Evidence-Based Practice (EBP) consists of three components: 1. "External evidence from research, evidence-based theories, opinion leaders, and expert panels; 2. Clinical expertise such as internal evidence generated from outcomes management or quality improvement projects, a thorough patient assessment and evaluation, and use of available resources; and 3. Patient preferences and values" (Melnyk & Fineout-Overholt, 2015, p. 4). This is a fairly standard definition of EBP.

Anecdotal experience is not included in this definition. I think that is significant. I think it's part of professional judgment, but not EBP. It has a place in professional health care, but it's not what we're talking about. If I relied on anecdotal experience to guide my practice, I would still be tearing the tips off my gloves when I start an IV, fanning a recently cleaned IV site to hasten the drying time, and swabbing the male end of a primary tubing line with alcohol if it accidentally touched the ground. I was taught all of these things early on because I'd believe anyone who had been a nurse longer than me. If my 15 years in nursing has taught me anything, it is to be skeptical when someone shows me a new technique, deferring instead to the "data." My ears turn off when I hear a nurse say to me, "What I like to do is..," or "The way I was taught was..."

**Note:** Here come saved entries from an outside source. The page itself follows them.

lemma horizontal_normal_cone_gph_constraint_system_iff:
  fixes \<Phi> :: "'a::euclidean_space \<times> 'b::euclidean_space \<Rightarrow> 'c::euclidean_space"
    and T :: "'b \<Rightarrow> 'd::euclidean_space set"
  assumes "C1_map \<Phi>"
  shows "(0, (y1, y2, y3)) \<in> normal_cone (gph (constraint_system \<Phi> \<Omega> T)) ((x0, s0), (0, \<Phi> (x0, s0), t0)) \<longleftrightarrow>
    y1 = grad_x \<Phi> x0 s0 y2 \<and> y1 \<in> normal_cone \<Omega> x0 \<and> (grad_s \<Phi> x0 s0 y2, y3) \<in> normal_cone (gph T) (s0, t0)"
proof
  assume "(0, (y1, y2, y3)) \<in> normal_cone (gph (constraint_system \<Phi> \<Omega> T)) ((x0, s0), (0, \<Phi> (x0, s0), t0))"
  from normal_cone_gph_constraint_system_imp[OF assms this]
  show "y1 = grad_x \<Phi> x0 s0 y2 \<and> y1 \<in> normal_cone \<Omega> x0 \<and> (grad_s \<Phi> x0 s0 y2, y3) \<in> normal_cone (gph T) (s0, t0)"
    by blast
next
  assume "y1 = grad_x \<Phi> x0 s0 y2 \<and> y1 \<in> normal_cone \<Omega> x0 \<and> (grad_s \<Phi> x0 s0 y2, y3) \<in> normal_cone (gph T) (s0, t0)"
  then show "(0, (y1, y2, y3)) \<in> normal_cone (gph (constraint_system \<Phi> \<Omega> T)) ((x0, s0), (0, \<Phi> (x0, s0), t0))"
    using normal_cone_gph_constraint_system_intro[OF assms] by blast
qed

lemma zero_in_coderiv_constraint_system_iff:
  fixes \<Phi> :: "'a::euclidean_space \<times> 'b::euclidean_space \<Rightarrow> 'c::euclidean_space"
    and T :: "'b \<Rightarrow> 'd::euclidean_space set"
  assumes \<Phi>: "C1_map \<Phi>"
  shows "0 \<in> coderiv (constraint_system \<Phi> \<Omega> T) (x0, s0) (0, \<Phi> (x0, s0), t0) (y, z, \<nu>) \<longleftrightarrow>
    y = grad_x \<Phi> x0 s0 z \<and> - grad_x \<Phi> x0 s0 z \<in> normal_cone \<Omega> x0 \<and> - grad_s \<Phi> x0 s0 z \<in> coderiv T s0 t0 \<nu>"
proof -
  have lin: "linear (grad_x \<Phi> x0 s0)" "linear (grad_s \<Phi> x0 s0)"
    using C1_map_differentiable[OF \<Phi>] by (simp_all add: linear_grad_x linear_grad_s)
  have "0 \<in> coderiv (constraint_system \<Phi> \<Omega> T) (x0, s0) (0, \<Phi> (x0, s0), t0) (y, z, \<nu>) \<longleftrightarrow>
      (0, (- y, - z, - \<nu>)) \<in> normal_cone (gph (constraint_system \<Phi> \<Omega> T)) ((x0, s0), (0, \<Phi> (x0, s0), t0))"
    by (simp add: coderiv_def)
  also have "\<dots> \<longleftrightarrow> - y = grad_x \<Phi> x0 s0 (- z) \<and> - y \<in> normal_cone \<Omega> x0 \<and>
      (grad_s \<Phi> x0 s0 (- z), - \<nu>) \<in> normal_cone (gph T) (s0, t0)"
    by (rule horizontal_normal_cone_gph_constraint_system_iff[OF \<Phi>])
  also have "\<dots> \<longleftrightarrow> y = grad_x \<Phi> x0 s0 z \<and> - grad_x \<Phi> x0 s0 z \<in> normal_cone \<Omega> x0 \<and>
      - grad_s \<Phi> x0 s0 z \<in> coderiv T s0 t0 \<nu>"
    using linear_neg[OF lin(1)] linear_neg[OF lin(2)] by (auto simp: coderiv_def)
  finally show ?thesis .
qed

lemma metric_regular_constraint_system_iff:
  fixes \<Phi> :: "'a::euclidean_space \<times> 'b::euclidean_space \<Rightarrow> 'c::euclidean_space"
    and T :: "'b \<Rightarrow> 'd::euclidean_space set"
  assumes \<Phi>: "C1_map \<Phi>" and "closed \<Omega>" "closed (gph T)" "x0 \<in> \<Omega>" "t0 \<in> T s0"
  shows "metric_regular (constraint_system \<Phi> \<Omega> T) (x0, s0) (0, \<Phi> (x0, s0), t0) \<longleftrightarrow>
    (\<forall>z \<nu>. - grad_x \<Phi> x0 s0 z \<in> normal_cone \<Omega> x0 \<and> - grad_s \<Phi> x0 s0 z \<in> coderiv T s0 t0 \<nu> \<longrightarrow> z = 0 \<and> \<nu> = 0)"
    (is "_ \<longleftrightarrow> ?qualification")
proof -
  note kernel = zero_in_coderiv_constraint_system_iff[OF \<Phi>]
  have "closed (gph (constraint_system \<Phi> \<Omega> T))"
    using closed_gph_constraint_system[OF C1_map_continuous[OF \<Phi>] assms(2,3)] .
  moreover have "(0, \<Phi> (x0, s0), t0) \<in> constraint_system \<Phi> \<Omega> T (x0, s0)"
    using assms(4,5) by simp
  ultimately have "metric_regular (constraint_system \<Phi> \<Omega> T) (x0, s0) (0, \<Phi> (x0, s0), t0) \<longleftrightarrow>
      (\<forall>Y. 0 \<in> coderiv (constraint_system \<Phi> \<Omega> T) (x0, s0) (0, \<Phi> (x0, s0), t0) Y \<longrightarrow> Y = 0)"
    by (rule metric_regular_iff_coderiv_kernel)
  also have "\<dots> \<longleftrightarrow> ?qualification"
  proof
    assume K: "\<forall>Y. 0 \<in> coderiv (constraint_system \<Phi> \<Omega> T) (x0, s0) (0, \<Phi> (x0, s0), t0) Y \<longrightarrow> Y = 0"
    show ?qualification
    proof (intro allI impI)
      fix z \<nu>
      assume "- grad_x \<Phi> x0 s0 z \<in> normal_cone \<Omega> x0 \<and> - grad_s \<Phi> x0 s0 z \<in> coderiv T s0 t0 \<nu>"
      with K kernel have "(grad_x \<Phi> x0 s0 z, z, \<nu>) = 0"
        by blast
      then show "z = 0 \<and> \<nu> = 0"
        by (simp add: zero_prod_def)
    qed
  next
    assume ?qualification
    show "\<forall>Y. 0 \<in> coderiv (constraint_system \<Phi> \<Omega> T) (x0, s0) (0, \<Phi> (x0, s0), t0) Y \<longrightarrow> Y = 0"
    proof (intro allI impI)
      fix Y assume Y: "0 \<in> coderiv (constraint_system \<Phi> \<Omega> T) (x0, s0) (0, \<Phi> (x0, s0), t0) Y"
      obtain y z \<nu> where Y_eq: "Y = (y, z, \<nu>)"
        by (metis prod.collapse)
      with Y have "y = grad_x \<Phi> x0 s0 z" "z = 0 \<and> \<nu> = 0"
        using \<open>?qualification\<close> kernel by blast+
      then show "Y = 0"
        using linear_0[OF linear_grad_x[OF C1_map_differentiable[OF \<Phi>]]] by (simp add: Y_eq zero_prod_def)
    qed
  qed
  finally show ?thesis .
qed

lemma joint_coderiv_kernel_iff:
  fixes A :: "'p::real_vector \<Rightarrow> 'a::real_vector" and B :: "'p \<Rightarrow> 'b::real_inner"
    and T :: "'b \<Rightarrow> 'd::real_inner set"
  assumes "A 0 = 0" "B 0 = 0" "0 \<in> N"
  shows "(\<forall>z \<nu>. - A z \<in> N \<and> - B z \<in> coderiv T s t \<nu> \<longrightarrow> z = 0 \<and> \<nu> = 0) \<longleftrightarrow>
    (\<forall>\<nu>. 0 \<in> coderiv T s t \<nu> \<longrightarrow> \<nu> = 0) \<and> (\<forall>z. - A z \<in> N \<and> - B z \<in> coderiv_range T s t \<longrightarrow> z = 0)"
  (is "?joint \<longleftrightarrow> ?kernel \<and> ?range")
proof
  assume ?joint
  have "\<nu> = 0" if "0 \<in> coderiv T s t \<nu>" for \<nu>
    using \<open>?joint\<close>[rule_format, of 0 \<nu>] that assms by simp
  moreover have ?range
    using \<open>?joint\<close> unfolding coderiv_range_def by blast
  ultimately show "?kernel \<and> ?range"
    by blast
next
  assume "?kernel \<and> ?range"
  show ?joint
  proof (intro allI impI)
    fix z \<nu> assume h: "- A z \<in> N \<and> - B z \<in> coderiv T s t \<nu>"
    then have "z = 0"
      using \<open>?kernel \<and> ?range\<close> unfolding coderiv_range_def by blast
    with h \<open>?kernel \<and> ?range\<close> assms(2) show "z = 0 \<and> \<nu> = 0"
      by simp
  qed
qed

theorem proposition5:
  fixes \<Phi> :: "(real^('k::finite)) \<times> (real^('l::finite)) \<Rightarrow> real^('p::finite)"
    and \<Omega> :: "(real^'k) set"
    and T :: "real^'l \<Rightarrow> (real^('q::finite)) set"
    and xb :: "real^'k" and sb :: "real^'l"
  assumes C1: "C1_map \<Phi>"
    and cl: "closed \<Omega>"
    and osc: "outer_semicontinuous T"
    and zero: "\<Phi> (xb, sb) = 0"
    and xbin: "xb \<in> \<Omega>"
    and Tb: "0 \<in> T sb"
  defines "G \<equiv> (\<lambda>(x, s). (- x, \<Phi> (x, s), 0 :: real^'q))"
    and "P \<equiv> (\<lambda>(x, s). \<Omega> \<times> {0 :: real^'p} \<times> T s)"
  shows
    "(metric_regular (\<lambda>w. (\<lambda>v. G w + v) ` P w) (xb, sb) 0
       \<longleftrightarrow> (\<forall>z \<nu>. - grad_x \<Phi> xb sb z \<in> normal_cone \<Omega> xb
                    \<and> - grad_s \<Phi> xb sb z \<in> coderiv T sb 0 \<nu> \<longrightarrow> z = 0 \<and> \<nu> = 0))
   \<and> (metric_regular (\<lambda>w. (\<lambda>v. G w + v) ` P w) (xb, sb) 0
       \<longleftrightarrow> metric_regular T sb 0
           \<and> (\<forall>z. - grad_x \<Phi> xb sb z \<in> normal_cone \<Omega> xb
                    \<and> - grad_s \<Phi> xb sb z \<in> coderiv_range T sb 0 \<longrightarrow> z = 0))"
proof -
  have F: "(\<lambda>w. (\<lambda>v. G w + v) ` P w) = constraint_system \<Phi> \<Omega> T"
    unfolding G_def P_def constraint_system_def by (simp add: case_prod_unfold)
  have closed_T: "closed (gph T)"
    using osc by (simp add: outer_semicontinuous_def)
  have origin: "(0, \<Phi> (xb, sb), 0) = 0"
    using zero by (simp add: zero_prod_def)
  have a_b: "metric_regular (constraint_system \<Phi> \<Omega> T) (xb, sb) 0 \<longleftrightarrow>
      (\<forall>z \<nu>. - grad_x \<Phi> xb sb z \<in> normal_cone \<Omega> xb \<and> - grad_s \<Phi> xb sb z \<in> coderiv T sb 0 \<nu> \<longrightarrow> z = 0 \<and> \<nu> = 0)"
    using metric_regular_constraint_system_iff[OF C1 cl closed_T xbin Tb] unfolding origin .
  have "grad_x \<Phi> xb sb 0 = 0" "grad_s \<Phi> xb sb 0 = 0"
    using C1_map_differentiable[OF C1] by (simp_all add: linear_0 linear_grad_x linear_grad_s)
  from joint_coderiv_kernel_iff[where A = "grad_x \<Phi> xb sb" and B = "grad_s \<Phi> xb sb", OF this zero_in_normal_cone[OF xbin]] a_b
  show ?thesis
    unfolding F metric_regular_iff_coderiv_kernel[OF closed_T Tb] by blast
qed

end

To me experience is only significant if it is tempered with evidence, either external or internal, in light of the patient needs. The reason why many of us want to follow in Lynn's footsteps is because she tempers experience with evidence. That is the root of EBP. EBP is what allows us nurses to enter into intelligent, collegial discussions with other members of the multidisciplinary team. EBP makes us professionals. Calling into question someone's experience and authority on a subject because they have chosen to contribute their knowledge to education is insulting and unprofessional. None of us would have jobs without our educators.

Melnyk, B. M. & Fineout-Overholt, E. (2015). Evidence-based practice in nursing & healthcare: A guide to best practice (3rd ed.). Philadephia, PA: Wolters Kluwer.

lynncrni
 Thank you! You listed a

 Thank you! You listed a  great reference for EBP. Lynn

Lynn Hadaway, M.Ed., RN, BC, CRNI

Lynn Hadaway Associates, Inc.

126 Main Street, PO Box 10

Milner, GA 30257

Website http://www.hadawayassociates.com

Office Phone 770-358-7861

JackDCD
Once again...your missing the

Once again...your missing the bigger picture. The problem with what you just wrote is in the very first sentence. What I have been discussing here (heatedly, I admit) is not that EBP is useless. It's your term "experts". I'll ask you a very simple question?...How is one deemed an "expert"......obviously it has little to do with clinical experience so what is the academia's definition. In my small, small, mind...I don't know but if you say expert?.....you better be able to back that up.

Let me give you an example. To this day it still goes on , by the way. Nurses saying " I can't get this IV , I'm gonna have to get the Doctor to get it"....if you tell me I have never heard that before then your not being truthful...so why are "Doctors" the experts?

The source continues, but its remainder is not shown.